Sebagai dokter disfungsional dan bekerja di tempat pusatnya kebijakan dibentuk, terus terang cukup membuka mata saya. Dulu, waktu saya masih PTT dan ditempatkan di Puskesmas dengan status Sangat Terpencil, saya selalu memandang penuh curiga kepada birokrasi. Apakah itu Dinkes yang lambat mengurus gaji kami, apakah itu Pemda yang terkesan menelantarkan nasib kami, juga tentu Pusat yang diam-diam saja padahal gaji kami belum turun 3 bulan.
Saya sangat nggak respek melihat lambatnya birokrasi di Dinkes, dan ogah-ogahannya pegawai Dinkes bekerja. Daftar gaji kami harusnya yang mengamprah dan mengirim ke Pusat ya Dinkes, tapi kenapa nggak turun-turun? Karena amprahannya belum dikirim ke Pusat. Alasan? Nggak ada biaya kirimnya. Jadi, akhirnya kamilah dokter-dokter PTT yang tabungannya pas-pasan karena baru lulus, yang bergerilya sendiri membuat amprahan gaji kami dan mengirimnya ke Pusat.
Tentu saja tidak semua Dinkes memperlakukan dokter PTT demikian, tapi hal ini membuat saya bertekad whatever happened saya nggak mau jadi birokrat. Lagipula jiwa saya bukan di birokrasi, tapi di pelayanan. Saya berjiwa practician, birokrasi membuat saya cape dan kesal. Tapi, manusia hanya bisa berencana, karena setelah saya diterima sebagai CPNS saya justru dijebloskan ke sumber dari segala sumber birokrasi: Kantor Pusat (maaf saya pake istilah dijebloskan, soalnya saya bener-bener nggak tau waktu awal kalo saya bakal ditempatkan sebagai tenaga administratif).

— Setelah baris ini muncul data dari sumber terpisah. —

(* Let $\alpha,\beta>0$ and let $\lambda\in\mathbb{R}$, $a,b>0$ with $-\min\{a,b\}<\frac{\lambda}{2}<\min\{a,b\}$. Let $X,Y$ be independent random variables with $X\sim \mathrm{Be}'(\lambda,a,b;\alpha,1)$ and $Y\sim\mathrm{Be}'(-\lambda,a,b;\beta,1)$, and set $(U,V)=H_I^{+,\alpha,\beta}(X,Y)$. Then $U$ and $V$ are independent, with $U\sim\mathrm{Be}'(-\lambda,a,b;\alpha,1)$ and $V\sim \mathrm{Be}'(\lambda,a,b;\beta,1)$.
   Context: $\mathbb{R}_+=(0,\infty)$. For $\alpha,\beta>0$ the map $H_I^{+,\alpha,\beta}:\mathbb{R}_+^2\to\mathbb{R}_+^2$ is $$H_I^{+,\alpha,\beta}(x,y)=\left(\frac{y}{\alpha}\,\frac{\beta+\alpha x+\beta y+\alpha\beta xy}{1+x+y+\beta xy},\ \frac{x}{\beta}\,\frac{\alpha+\alpha x+\beta y+\alpha\beta xy}{1+x+y+\alpha xy}\right).$$ For $p,q>0$ and $\lambda,a,b\in\mathbb{R}$ with $-b<\frac{\lambda}{2}<a$, the generalized Beta prime distribution $\mathrm{Be}'(\lambda,a,b;p,q)$ is the probability distribution on $\mathbb{R}_+$ with density proportional to $x^{\lambda-1}(1+px)^{-a-\frac{\lambda}{2}}(1+qx^{-1})^{-b+\frac{\lambda}{2}}$, $x\in\mathbb{R}_+$. *)

theory Defs
  imports "HOL-Probability.Probability"
begin

text \<open>The map H_I^{+,alpha,beta} on pairs of reals (intended domain: the open positive quadrant).\<close>
definition H_I_plus :: "real \<Rightarrow> real \<Rightarrow> real \<times> real \<Rightarrow> real \<times> real" where
  "H_I_plus \<alpha> \<beta> = (\<lambda>(x, y).
     ( (y / \<alpha>) * ((\<beta> + \<alpha> * x + \<beta> * y + \<alpha> * \<beta> * x * y) / (1 + x + y + \<beta> * x * y)),
       (x / \<beta>) * ((\<alpha> + \<alpha> * x + \<beta> * y + \<alpha> * \<beta> * x * y) / (1 + x + y + \<alpha> * x * y)) ))"

text \<open>Unnormalised density of the generalized Beta prime distribution Be'(lambda,a,b;p,q), zero off (0,infinity).\<close>
definition beta_prime_kernel :: "real \<Rightarrow> real \<Rightarrow> real \<Rightarrow> real \<Rightarrow> real \<Rightarrow> real \<Rightarrow> real" where
  "beta_prime_kernel lam a b p q x =
     (if 0 < x then x powr (lam - 1) * (1 + p * x) powr (- a - lam / 2) * (1 + q / x) powr (- b + lam / 2)
      else 0)"

definition beta_prime_density :: "real \<Rightarrow> real \<Rightarrow> real \<Rightarrow> real \<Rightarrow> real \<Rightarrow> real \<Rightarrow> real" where
  "beta_prime_density lam a b p q x =
     beta_prime_kernel lam a b p q x / integral\<^sup>L lborel (beta_prime_kernel lam a b p q)"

Sekarang, teman saya yang eks PTT dan kini jadi PNS fungsional di daerah dia PTT dulu, sering sharing dengan saya. Karena posisi saya di Pusat, tentu dia mengharapkan saya bisa menjelaskan berbagai masalah yang terjadi di daerah kenapa dibiarkan berlarut-larut oleh Pusat. Biasanya urusannya penyelewengan dana. Program Pusat yang bersentuhan langsung dengan Puskesmas adalah BOK, Jampersal, dan Jamkesmas (mungkin masih ada lagi, tapi saya taunya cuman itu). Dari sejak saya PTT Jamkesmas sudah mulai diberlakukan, dan saya mengerti bagaimana dana kapitasi Jamkesmas di Puskesmas itu menjadi sumber konflik. Kini datang BPJS, apakah Indonesia sudah siap?

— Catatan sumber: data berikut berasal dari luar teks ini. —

(* For any $n\in\mathbb{N}$ and $A>0$, there exists $f\in C^1[-1,1]$ with $f\le0$ on $[-1,0]$ and $f\ge0$ on $[0,1]$, such that every algebraic polynomial $P_n$ of degree $\le n$ which satisfies $P_n\ge0$ on $(0,1/n)$ and $P_n^{(i)}(0)=f^{(i)}(0)$ for $i=0,1$ obeys $$\|f-P_n\|>A\,\omega_3(f',1).$$
   Context: $\|\cdot\|$ is the sup norm on $[-1,1]$; $\omega_3(g,t)$ is the third modulus of smoothness of $g$ on $[-1,1]$. *)

theory Defs
  imports "HOL-Analysis.Analysis" "HOL-Computational_Algebra.Polynomial"
begin

definition sup_norm :: "(real \<Rightarrow> real) \<Rightarrow> real" where
  "sup_norm g = (SUP x\<in>{-1..1}. \<bar>g x\<bar>)"

definition diff3 :: "(real \<Rightarrow> real) \<Rightarrow> real \<Rightarrow> real \<Rightarrow> real" where
  "diff3 g h x = g (x + 3*h) - 3 * g (x + 2*h) + 3 * g (x + h) - g x"

definition omega3 :: "(real \<Rightarrow> real) \<Rightarrow> real \<Rightarrow> real" where
  "omega3 g t = Sup {\<bar>diff3 g h x\<bar> | x h. 0 < h \<and> h \<le> t \<and> -1 \<le> x \<and> x + 3*h \<le> 1}"

definition C1_with :: "(real \<Rightarrow> real) \<Rightarrow> (real \<Rightarrow> real) \<Rightarrow> bool" where
  "C1_with f f' \<longleftrightarrow> (\<forall>x\<in>{-1..1}. (f has_real_derivative f' x) (at x within {-1..1}))
                      \<and> continuous_on {-1..1} f'"

end

theory Submission
  imports Defs
begin

text \<open>
  For small \<open>\<delta> > 0\<close> take \<open>f\<close> to be the cubic \<open>q(x) = x\<^sup>2(x - \<delta>)\<close> with its negative
  hump on \<open>(0, \<delta>)\<close> flattened out. Then \<open>f\<close> is within \<open>\<delta>\<^sup>2\<close> of \<open>q\<close> on \<open>[0, 1]\<close> and \<open>f'\<close> is
  within \<open>\<delta>\<^sup>2\<close> of the quadratic \<open>q'\<close>, so \<open>\<omega>\<^sub>3(f', 1) = O(\<delta>\<^sup>2)\<close>. If \<open>P\<close> approximated \<open>f\<close>
  that well, \<open>e = P - q\<close> would be a polynomial of degree at most \<open>n + 3\<close> with a double zero
  at \<open>0\<close> and of size \<open>O(\<delta>\<^sup>2)\<close> on \<open>[0, 1]\<close>; equivalence of norms on such polynomials then
  gives \<open>e(\<delta>/2) = O(\<delta>\<^sup>4)\<close>. But \<open>P(\<delta>/2) \<ge> 0\<close>, hence \<open>e(\<delta>/2) \<ge> -q(\<delta>/2) = \<delta>\<^sup>3/8\<close>,
  which is impossible for small \<open>\<delta>\<close>.
\<close>

lemma has_real_derivative_if_le:
  fixes f g f' g' :: "real \<Rightarrow> real"
  assumes f: "\<And>x. (f has_real_derivative f' x) (at x)"
    and g: "\<And>x. (g has_real_derivative g' x) (at x)"
    and "f c = g c" and "f' c = g' c"
  shows "((\<lambda>x. if x \<le> c then f x else g x) has_real_derivative
          (if x \<le> c then f' x else g' x)) (at x)"
proof -
  have mult_eq: "\<And>a::real. (\<lambda>h. h * a) = (*) a" by (auto simp: fun_eq_iff)
  have "((\<lambda>x. if x \<in> {..c} then f x else g x) has_derivative
      (if x \<in> {..c} then (\<lambda>h. h * f' x) else (\<lambda>h. h * g' x))) (at x within ({..c} \<union> {c<..}))"
  proof (rule has_derivative_If_within_closures)
    fix y
    show "(f has_derivative (\<lambda>h. h * f' y)) (at y within {..c} \<union> (closure {..c} \<inter> closure {c<..}))"
      using has_derivative_at_withinI[OF f[of y, unfolded has_field_derivative_def]]
      by (simp add: mult_eq)
    show "(g has_derivative (\<lambda>h. h * g' y)) (at y within {c<..} \<union> (closure {..c} \<inter> closure {c<..}))"
      using has_derivative_at_withinI[OF g[of y, unfolded has_field_derivative_def]]
      by (simp add: mult_eq)
  next
    fix y assume "y \<in> closure {..c}" "y \<in> closure {c<..}"
    then have "y = c" by auto
    then show "f y = g y" "(\<lambda>h. h * f' y) = (\<lambda>h. h * g' y)" using assms by auto
  qed auto
  moreover have "{..c} \<union> {c<..} = (UNIV::real set)" by auto
  ultimately show ?thesis
    by (auto simp: has_field_derivative_def mult_eq split: if_splits)
qed

lemma abs_le_sup_norm:
  assumes "continuous_on {-1..1} g" and "x \<in> {-1..1}"
  shows "\<bar>g x\<bar> \<le> sup_norm g"
proof -
  have "bdd_above ((\<lambda>x. \<bar>g x\<bar>) ` {-1..1})"
    by (intro bounded_imp_bdd_above compact_imp_bounded compact_continuous_image
        continuous_intros assms(1)) auto
  then show ?thesis
    unfolding sup_norm_def by (rule cSUP_upper[OF assms(2)])
qed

Di sisi lain pelayanan kesehatan itu nggak bisa hanya dilihat dari satu sisi. Karena yang namanya pelayanan kesehatan melibatkan berbagai profesi di dalamnya, bukan hanya dokter. Lucunya saat ini tren yang berkembang adalah berbagai profesi ini justru mengedepankan ke’aku’an masing-masing tanpa mempedulikan sesama profesi pelayanan kesehatan lainnya. Perawat ingin bisa praktek, dokter protes karena apa bedanya sama dokter kalo perawat bisa praktek? Perawat bilang, loh bidan aja bisa praktek. Masa perawat yang kalo diliat tingkat pendidikannya setara dengan dokter (S1 dan plus profesi Ners) nggak bisa buka praktek pribadi?

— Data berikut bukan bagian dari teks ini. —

(* Let $v$ be the vertex of $\mathcal H^\dagger$ with coordinates $(m,n)\in\mathbb Z^2$, and let $T'$ be the image of $\mathcal H^\dagger$ under the map $\psi'$ constructed exactly as $\psi_{\lambda\Delta}$ (same flow $\phi^\dagger$), except that the additive constant is fixed by $\psi'(v)=0$ instead of $\psi=0$ at the dual vertex just to the left of $\mathcal H_1$. Then $T'=T_{\lambda'\Delta}$ with $$\lambda'=\lambda\Big(\tfrac{\beta}{\gamma}\Big)^{m}\Big(\tfrac{\beta}{\alpha}\Big)^{n}.$$ In particular, if $\lambda$ is chosen uniformly at random on the unit circle, the law of the random T-graph $T_{\lambda\Delta}$ is invariant under the lattice translations of $\mathcal H$ (i.e. under re-centring the construction at any dual vertex).
   Context: Setup. Let $\mathcal H$ be the hexagonal lattice embedded in the plane with one third of its edges vertical, with its vertices properly 2-coloured black/white. Let $e_1,e_2$ be two vectors generating its translation group and $\mathcal H_1$ a fundamental domain consisting of one vertical edge with its white top endpoint and black bottom endpoint. Each vertex $v$ has coordinates $(m(v),n(v))\in\mathbb Z^2$, the unique pair with $v-m e_1-n e_2\in\mathcal H_1$; thus $w(m,n)$ (white) and $b(m,n)$ (black) are the two endpoints of a vertical edge. $\mathcal H^\dagger$ denotes the dual triangular lattice; a face of $\mathcal H^\dagger$ is black or white according to the vertex of $\mathcal H$ it contains; a vertex $v$ of $\mathcal H^\dagger$ (a hexagonal face of $\mathcal H$) has coordinates $(m(v),n(v))$ equal to the common coordinates of the two vertices of that hexagon located just to the right of $v$. Fix $p_a,p_b,p_c\in(0,1)$ with $p_a+p_b+p_c=1$, a triangle $\Delta$ in $\mathbb C$ with vertices $A,B,C$ and angles $\pi p_a,\pi p_b,\pi p_c$, and set $\alpha=C-B$, $\beta=A-C$, $\gamma=B-A$ (so $\alpha+\beta+\gamma=0$). For $\lambda\in\mathbb C$ with $|\lambda|=1$ define, for adjacent white $w$ and black $b$, $$\phi(wb)=\Re\Big(\lambda^{-1}(\tfrac{\beta}{\gamma})^{-m(w)}(\tfrac{\beta}{\alpha})^{-n(w)}\Big)\,\alpha\,\lambda\,(\tfrac{\beta}{\gamma})^{m(b)}(\tfrac{\beta}{\alpha})^{n(b)},\qquad \phi(bw)=-\phi(wb).$$ The dual flow $\phi^\dagger$ assigns to the oriented edge of $\mathcal H^\dagger$ crossing $wb$ with $w$ on its left the value $\phi(wb)$; it has zero circulation around every triangle, so there is a function $\psi=\psi_{\lambda\Delta}$ on vertices of $\mathcal H^\dagger$ with $\psi(v')-\psi(v)=\phi^\dagger(vv')$, normalised by $\psi=0$ at the dual vertex just to the left of $\mathcal H_1$. Extending $\psi$ affinely on edges, $T_{\lambda\Delta}=\psi(\mathcal H^\dagger)\subset\mathbb C$ is called the T-graph with parameters $\Delta,\lambda$. *)

theory Defs
  imports "HOL-Analysis.Analysis" "HOL-Probability.Probability"
begin

text \<open>Coordinates: white vertex w(m,n) and black vertex b(m,n) are the endpoints of the
vertical edge (m,n).  White w(m,n) is adjacent to b(m,n), b(m,n+1), b(m-1,n+1)
(this adjacency is forced by the requirement that the flow phi be divergence free,
using alpha+beta+gamma = 0).  Dual vertices (faces of H) are indexed by int pairs;
face (m,n) is the hexagon just to the left of the vertical edge (m,n).\<close>

definition tri_alpha :: "complex \<Rightarrow> complex \<Rightarrow> complex \<Rightarrow> complex" where
  "tri_alpha A B C = C - B"
definition tri_beta :: "complex \<Rightarrow> complex \<Rightarrow> complex \<Rightarrow> complex" where
  "tri_beta A B C = A - C"
definition tri_gamma :: "complex \<Rightarrow> complex \<Rightarrow> complex \<Rightarrow> complex" where
  "tri_gamma A B C = B - A"

definition tri_angle :: "complex \<Rightarrow> complex \<Rightarrow> complex \<Rightarrow> real" where
  "tri_angle A B C = \<bar>Arg ((B - A) / (C - A))\<bar>"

Tren yang berkembang ini membuat saya prihatin, karena setelah bekerja di Pusat, saya melihat sendiri bahwa yang namanya kebijakan nggak bisa hanya mementingkan satu pihak saja. Nggak ada kebijakan yang bisa memuaskan semua pihak, it’s true, tapi at least sebuah kebijakan yang baik bisa menengahi semua pihak. Jika ke’aku’an ini yang justru berkembang, bagaimana bisa dibuat kebijakan yang baik?
Jadi inget jaman penjajahan dulu bermunculan organisasi-organisasi daerah, berjuang di daerah masing-masing tapi lupa sama persatuan dan kesatuan. Cita-cita memperoleh kemerdekaan justru sulit tercapai saat berjuang berpisah-pisah begitu.
Singkat kata, saya yakin dengan itikad baik semua profesi kesehatan. Saya yakin semuanya menginginkan hal yang sama: Indonesia Sehat dan tentu saja kesejahteraan setiap profesi kesehatan terjamin. Jadi, ayo sama-sama memperjuangkan cita-cita itu dan melupakan ke’aku’an masing-masing sejenak. Jika sistem pelayanan kesehatan yang baik sudah tercipta di negeri ini, saya yakin kesejahteraan profesi kesehatan pun akan meningkat dengan sendirinya, akan lebih dihargai dan lebih  dicintai oleh masyarakat.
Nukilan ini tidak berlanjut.